His ears ring and he flinches, hoping to pull himself from his daze, yet his body won’t comply. Kobeni, whose eyes are wide with terror, wriggles out from under him. Aki manages to sit up, but immediately, his vision swims. What was going on?
Kobeni tugs her own gun from its holster, flicks off the safety, aims, and shoots within the a second, and her previous whimpering mood vanishes as she had a perfect shot to the shoulder, then another aimed to the kneecap. The gunshots should be deafeningly loud, but Aki feels as though he’s underwater, looking at the world around him through waves.
Aki, attempting to pick up his sword from where it had fallen to the ground, first notices how his hands trembled violently. Baffled, he stares at his shaking fingers, and turns them over to notice how his palms were coated in crimson from top to bottom. Blood. He didn’t notice Kobeni was calling his name until she was shaking him by the shoulders, eyes still wide with horror despite the fact that the perpetrator was currently writhing on the ground surrounded in a pool of his own blood.
“Aki!” she cries, “oh no, oh no oh no oh no-”
“What?” he rasps, finding his throat to be dry. He wipes his hands on his pants— whose blood was this?
Then he feels how the material of his slacks was damp with blood. He eyes the trail of faded red from his thigh to upwards, until he pulls back his black suit jacket to find his white button-down soaked in bright, fresh blood.
He’d been shot.
And that was the risk that came with working at Public Safety. Some days, you end your shift with a migraine and a scratch on your hip. Others, you end up in an ambulance. Every day was a gamble, and today, Aki lost.
The realization dawns on him all at once. The adrenaline was hitting him so hard that he hardly felt any pain aside from horrible pressure. His body was still trying to keep up with what was happening, and once he stares numbly at his own fatal wound, the pain arrives gradually. He can feel it in his back at the exit wound, harsh and stinging. He coughs an ugly cough, and forces himself to sit more upright.
“Kobeni,” he strains, wiping his mouth on his sleeve. More blood. “Listen to me. You- you need to disarm the perpetrator.” He gathers enough strength to lift his arm and point to where the man was itching to reach for the gun that was just out of his reach. In a frenzy, Kobeni rushes upwards, steps over the body of the groaning, wailing man and snatches the gun from the ground, making sure to keep her own gun pointed in his direction.
Gingerly, he presses pressure to his side, and his head falls to rest on the brick wall behind him. Kobeni hastily sits behind him, even as blood was beginning to pool around him. He pulls his radio from its sheath on his thigh, yet finds his hands were trembling too much to press to the buttons properly. Kobeni plucks the radio from his hand and, frantically, begins talking, “this is Division Four, Hayakawa, he was shot, he needs an ambulance right now!”

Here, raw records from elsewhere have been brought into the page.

(* In the setting described in the context, for any $n\ge1$, any $1\le k\le n$ and any $\tau'\in\mathcal{S}_{n-k}$, the set $$\Big\{\tau\in\mathcal{T}_n:\tau\prec\tau',\ \mathcal{I}(\tau)\cap\bigcup_{P\in\mathcal{C}_{n,k}}\Delta(P)\neq\emptyset\Big\}$$ contains at most two vertices.
   Context: Standing setup. Let $s,t>0$ with $s+t=1$, and let $\theta\in\mathbb{R}$ with $\inf_{q\in\mathbb{N}}q^{1/s}\|q\theta\|>0$, where $\|x\|$ is the distance from $x$ to the nearest integer. Let $\beta\in(0,1)$, let $A_0$ be a compact interval of length $l>0$, let $R=16\beta^{-4}$, and let $c=\min\{\inf_{q\in\mathbb{N}}q^{1/s}\|q\theta\|,\ \tfrac14 lR^{-1},\ \tfrac18R^{-2-3/t^2}\}$. Rational points are written $P=(p/q,r/q)$ with $q>0$ and $p,q,r$ coprime integers. Let $\mathcal{C}=\{(p/q,r/q)\in\mathbb{Q}^2:|\theta-p/q|<c/q^{1+s}\}$ and $\Delta(P)=\{y\in\mathbb{R}:|y-r/q|<c/q^{1+t}\}$. Non-vertical rational lines are written $L(A,B,C)=\{(x,y):y=(Ax+C)/B\}$ with $A,B,C$ coprime integers, $B>0$. For each $P=(p/q,r/q)\in\mathcal{C}$ fix a line $L_P=L(A_P,B_P,C_P)$ passing through $P$ with $|A_P|\le q^s$ and $B_P\le q^t$ (such a line exists). Let $H_n=4cl^{-1}R^n$ and $\mathcal{C}_n=\{P=(p/q,r/q)\in\mathcal{C}:H_n\le qB_P<H_{n+1}\}$ for $n\ge1$ (these partition $\mathcal{C}$). Let $\lambda=3/t^2$, $\mu=1/(t(1+t))$, $\mathcal{C}_{n,1}=\{P\in\mathcal{C}_n:H_{n+1}^{t/(1+t)}R^{-\lambda}\le B_P<H_{n+1}^{t/(1+t)}\}$ and, for $2\le k\le n$, $\mathcal{C}_{n,k}=\{P\in\mathcal{C}_n:H_{n+1}^{t/(1+t)}R^{-\lambda-(k-1)\mu}\le B_P<H_{n+1}^{t/(1+t)}R^{-\lambda-(k-2)\mu}\}$. Let $\mathcal{T}$ be an $[R]$-regular rooted tree with root $\tau_0$ ($[\cdot]$ = integer part), $\mathcal{T}_n$ its vertices of height $n$, and $\tau\prec\tau'$ meaning $\tau'$ is an ancestor of $\tau$ (possibly equal). Fix an injective map $\mathcal{I}$ from $\mathcal{T}$ to closed subintervals of $A_0$ with $|\mathcal{I}(\tau)|=lR^{-n}$ for $\tau\in\mathcal{T}_n$, $\mathcal{I}(\tau)\subset\mathcal{I}(\tau')$ whenever $\tau\prec\tau'$, and such that for each $\tau'$ the intervals $\mathcal{I}(\tau)$ over successors $\tau$ of $\tau'$ have pairwise disjoint interiors and connected union. Define $\mathcal{S}_0=\{\tau_0\}$ and for $n\ge1$, $\mathcal{S}_n=\{\tau:\tau$ is a successor of some vertex in $\mathcal{S}_{n-1}$ and $\mathcal{I}(\tau)\cap\bigcup_{P\in\mathcal{C}_n}\Delta(P)=\emptyset\}$. *)

theory Defs
  imports "HOL-Analysis.Analysis" "HOL-Library.Sublist"
begin

definition nid :: "real \<Rightarrow> real" where
  "nid x = min (frac x) (1 - frac x)"

definition Rpar :: "real \<Rightarrow> real" where
  "Rpar \<beta> = 16 * \<beta> powr (-4)"

definition dioph_inf :: "real \<Rightarrow> real \<Rightarrow> real" where
  "dioph_inf s \<theta> = (INF q \<in> {1::nat..}. real q powr (1/s) * nid (real q * \<theta>))"

definition cconst :: "real \<Rightarrow> real \<Rightarrow> real \<Rightarrow> real \<Rightarrow> real \<Rightarrow> real" where
  "cconst s t \<theta> \<beta> l = min (dioph_inf s \<theta>)
      (min (1/4 * l * (Rpar \<beta>) powr (-1)) (1/8 * (Rpar \<beta>) powr (-2 - 3 / t^2)))"

text \<open>Rational points (p/q, r/q) are represented by the integer triple (p,q,r) with
  q > 0 and p, q, r coprime (i.e. gcd p q r = 1); this representation is unique.\<close>
definition ratpt :: "int \<times> int \<times> int \<Rightarrow> bool" where
  "ratpt P = (case P of (p,q,r) \<Rightarrow> q > 0 \<and> gcd p (gcd q r) = 1)"

definition Cset :: "real \<Rightarrow> real \<Rightarrow> real \<Rightarrow> (int \<times> int \<times> int) set" where
  "Cset s \<theta> c = {(p,q,r). ratpt (p,q,r) \<and> \<bar>\<theta> - real_of_int p / real_of_int q\<bar> < c / real_of_int q powr (1+s)}"

definition Delta :: "real \<Rightarrow> real \<Rightarrow> int \<times> int \<times> int \<Rightarrow> real set" where
  "Delta t c P = (case P of (p,q,r) \<Rightarrow>
      {y. \<bar>y - real_of_int r / real_of_int q\<bar> < c / real_of_int q powr (1+t)})"

definition line_through :: "int \<times> int \<times> int \<Rightarrow> int \<times> int \<times> int \<Rightarrow> bool" where
  "line_through Lc P = (case Lc of (A,B,C) \<Rightarrow> case P of (p,q,r) \<Rightarrow>
      gcd A (gcd B C) = 1 \<and> B > 0 \<and>
      real_of_int r / real_of_int q = (real_of_int A * (real_of_int p / real_of_int q) + real_of_int C) / real_of_int B)"

definition Bof :: "int \<times> int \<times> int \<Rightarrow> int" where
  "Bof Lc = fst (snd Lc)"

definition Hn :: "real \<Rightarrow> real \<Rightarrow> real \<Rightarrow> nat \<Rightarrow> real" where
  "Hn c l R n = 4 * c * l powr (-1) * R ^ n"

text \<open>C_n, using the fixed choice of lines L (L P = (A_P, B_P, C_P)).\<close>
definition Cn :: "real \<Rightarrow> real \<Rightarrow> real \<Rightarrow> real \<Rightarrow> real \<Rightarrow> (int \<times> int \<times> int \<Rightarrow> int \<times> int \<times> int)
    \<Rightarrow> nat \<Rightarrow> (int \<times> int \<times> int) set" where
  "Cn s \<theta> c l R L n = {P \<in> Cset s \<theta> c.
      Hn c l R n \<le> real_of_int (fst (snd P) * Bof (L P)) \<and>
      real_of_int (fst (snd P) * Bof (L P)) < Hn c l R (n+1)}"

definition Cnk :: "real \<Rightarrow> real \<Rightarrow> real \<Rightarrow> real \<Rightarrow> real \<Rightarrow> real \<Rightarrow> (int \<times> int \<times> int \<Rightarrow> int \<times> int \<times> int)
    \<Rightarrow> nat \<Rightarrow> nat \<Rightarrow> (int \<times> int \<times> int) set" where
  "Cnk s t \<theta> c l R L n k =
     (let H = Hn c l R (n+1) powr (t/(1+t)); lam = 3 / t^2; \<mu> = 1 / (t*(1+t)) in
      if k = 1 then {P \<in> Cn s \<theta> c l R L n.
          H * R powr (-lam) \<le> real_of_int (Bof (L P)) \<and> real_of_int (Bof (L P)) < H}
      else if 2 \<le> k \<and> k \<le> n then {P \<in> Cn s \<theta> c l R L n.
          H * R powr (-lam - (real k - 1) * \<mu>) \<le> real_of_int (Bof (L P)) \<and>
          real_of_int (Bof (L P)) < H * R powr (-lam - (real k - 2) * \<mu>)}
      else {})"

text \<open>The [R]-regular rooted tree: vertices are lists over {..<m}, m = [R]; the root is [],
  the height of a vertex is its length, the successors of v are v @ [i] (i < m), and
  "tau \<prec> tau'" (tau' ancestor of tau, possibly equal) is "prefix tau' tau".\<close>
definition tree :: "nat \<Rightarrow> nat list set" where
  "tree m = {v. set v \<subseteq> {..<m}}"

definition good_I :: "nat \<Rightarrow> real \<Rightarrow> real \<Rightarrow> real \<Rightarrow> (nat list \<Rightarrow> real set) \<Rightarrow> bool" where
  "good_I m R a b I \<longleftrightarrow>
     inj_on I (tree m) \<and>
     (\<forall>v \<in> tree m. (\<exists>u. I v = {u .. u + (b - a) * R powr (- real (length v))}) \<and> I v \<subseteq> {a..b}) \<and>
     (\<forall>v \<in> tree m. \<forall>w \<in> tree m. prefix w v \<longrightarrow> I v \<subseteq> I w) \<and>
     (\<forall>v \<in> tree m. \<forall>i<m. \<forall>j<m. i \<noteq> j \<longrightarrow> interior (I (v @ [i])) \<inter> interior (I (v @ [j])) = {}) \<and>
     (\<forall>v \<in> tree m. connected (\<Union>i<m. I (v @ [i])))"

text \<open>S_n; bad n is the union of Delta(P) over P in C_n.\<close>
fun Sset :: "nat \<Rightarrow> (nat list \<Rightarrow> real set) \<Rightarrow> (nat \<Rightarrow> real set) \<Rightarrow> nat \<Rightarrow> nat list set" where
  "Sset m I bad 0 = {[]}"
| "Sset m I bad (Suc n) = {v @ [i] | v i. v \<in> Sset m I bad n \<and> i < m \<and> I (v @ [i]) \<inter> bad (Suc n) = {}}"

end

theory Submission
  imports Defs
begin

(* The heart of the argument is that all P in C_(n,k) whose Delta(P) meets I(tau') have the
   same line L_P.  Given two such points P1, P2 with lines L1, L2 we compare approximations:
   - for k = 1 (the top band of line denominators) the integer A2 p1 + C2 q1 - B2 r1 is
     smaller than 1, so each point lies on the other's line, and the points or lines coincide;
   - for k >= 2, either the lines are parallel, and then equal, or their intersection is a
     rational point approximating (theta, y) well enough to lie in C and to have Delta
     containing y, but of a level below n - k; this contradicts tau' in S_(n-k).
   With a common line, every such Delta(P) lies within l R^-n / 4 of the value of the line at
   theta, so it can meet at most two of the intervals of length l R^-n below tau'. *)

section \<open>Primitive integer triples, rational points and lines\<close>

lemma dvd_of_dvd_primitive_multiples:
  fixes a b c x y :: int
  assumes "gcd a (gcd b c) = 1" "x dvd a * y" "x dvd b * y" "x dvd c * y"
  shows "x dvd y"
proof -
  have "x dvd gcd (y * a) (gcd (y * b) (y * c))"
    using assms(2-4) by (simp add: mult.commute)
  also have "gcd (y * a) (gcd (y * b) (y * c)) = \<bar>y\<bar>"
    using assms(1) by (simp add: gcd_mult_left)
  finally show ?thesis by simp
qed

lemma primitive_triples_eq:
  fixes a1 b1 c1 a2 b2 c2 :: int
  assumes g1: "gcd a1 (gcd b1 c1) = 1" and g2: "gcd a2 (gcd b2 c2) = 1"
    and b1: "b1 > 0" and b2: "b2 > 0"
    and ea: "a1 * b2 = a2 * b1" and ec: "c1 * b2 = c2 * b1"
  shows "a1 = a2 \<and> b1 = b2 \<and> c1 = c2"
proof -
  have "b1 dvd b2"
    by (rule dvd_of_dvd_primitive_multiples[OF g1]) (use ea ec in \<open>simp_all add: mult.commute\<close>)
  moreover have "b2 dvd b1"
    by (rule dvd_of_dvd_primitive_multiples[OF g2]) (use ea ec in \<open>simp_all flip: ea ec\<close>)
  ultimately have "b1 = b2" using b1 b2 by (simp add: zdvd_antisym_nonneg)
  then show ?thesis using ea ec b1 by auto
qed

text \<open>An integer smaller than 1 in absolute value vanishes; this turns the real estimates
  below into integer identities.\<close>
lemma small_int_eq_0: "\<bar>real_of_int z\<bar> < 1 \<Longrightarrow> z = 0"
  by linarith

lemma reduced_fraction_eq:
  fixes p1 q1 r1 p2 q2 r2 :: int
  assumes "ratpt (p1,q1,r1)" "ratpt (p2,q2,r2)"
    and "real_of_int p1 / real_of_int q1 = real_of_int p2 / real_of_int q2"
    and "real_of_int r1 / real_of_int q1 = real_of_int r2 / real_of_int q2"
  shows "(p1,q1,r1) = (p2,q2,r2)"
proof -
  have q: "q1 > 0" "q2 > 0" and g: "gcd p1 (gcd q1 r1) = 1" "gcd p2 (gcd q2 r2) = 1"
    using assms(1,2) unfolding ratpt_def by auto
  have "real_of_int (p1 * q2) = real_of_int (p2 * q1)" "real_of_int (r1 * q2) = real_of_int (r2 * q1)"
    using assms(3,4) q by (simp_all add: field_simps)
  then have "p1 * q2 = p2 * q1" "r1 * q2 = r2 * q1" by (simp_all only: of_int_eq_iff)
  then show ?thesis using primitive_triples_eq[OF g q] by simp
qed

“Alright, Kobeni. Stay calm. We’re almost there.”
“Hurry!” she wails.
Aki’s head lulls to the side, and as he watches as his vision transitions from blurry and spotty to more of a kaleidoscope. Suddenly, he feels the urge to close his eyes and rest, and drift into a long sleep.
“Stay with me, Aki,” Kobeni begs.
“Can you do me a favor?” Aki squeezes from his closing throat. He coughs again. “Tell… tell Denji to tell Angel that I’m sorry.” His words were slow, and his tongue felt too large in his mouth. He was shutting down. “Really… really sorry…”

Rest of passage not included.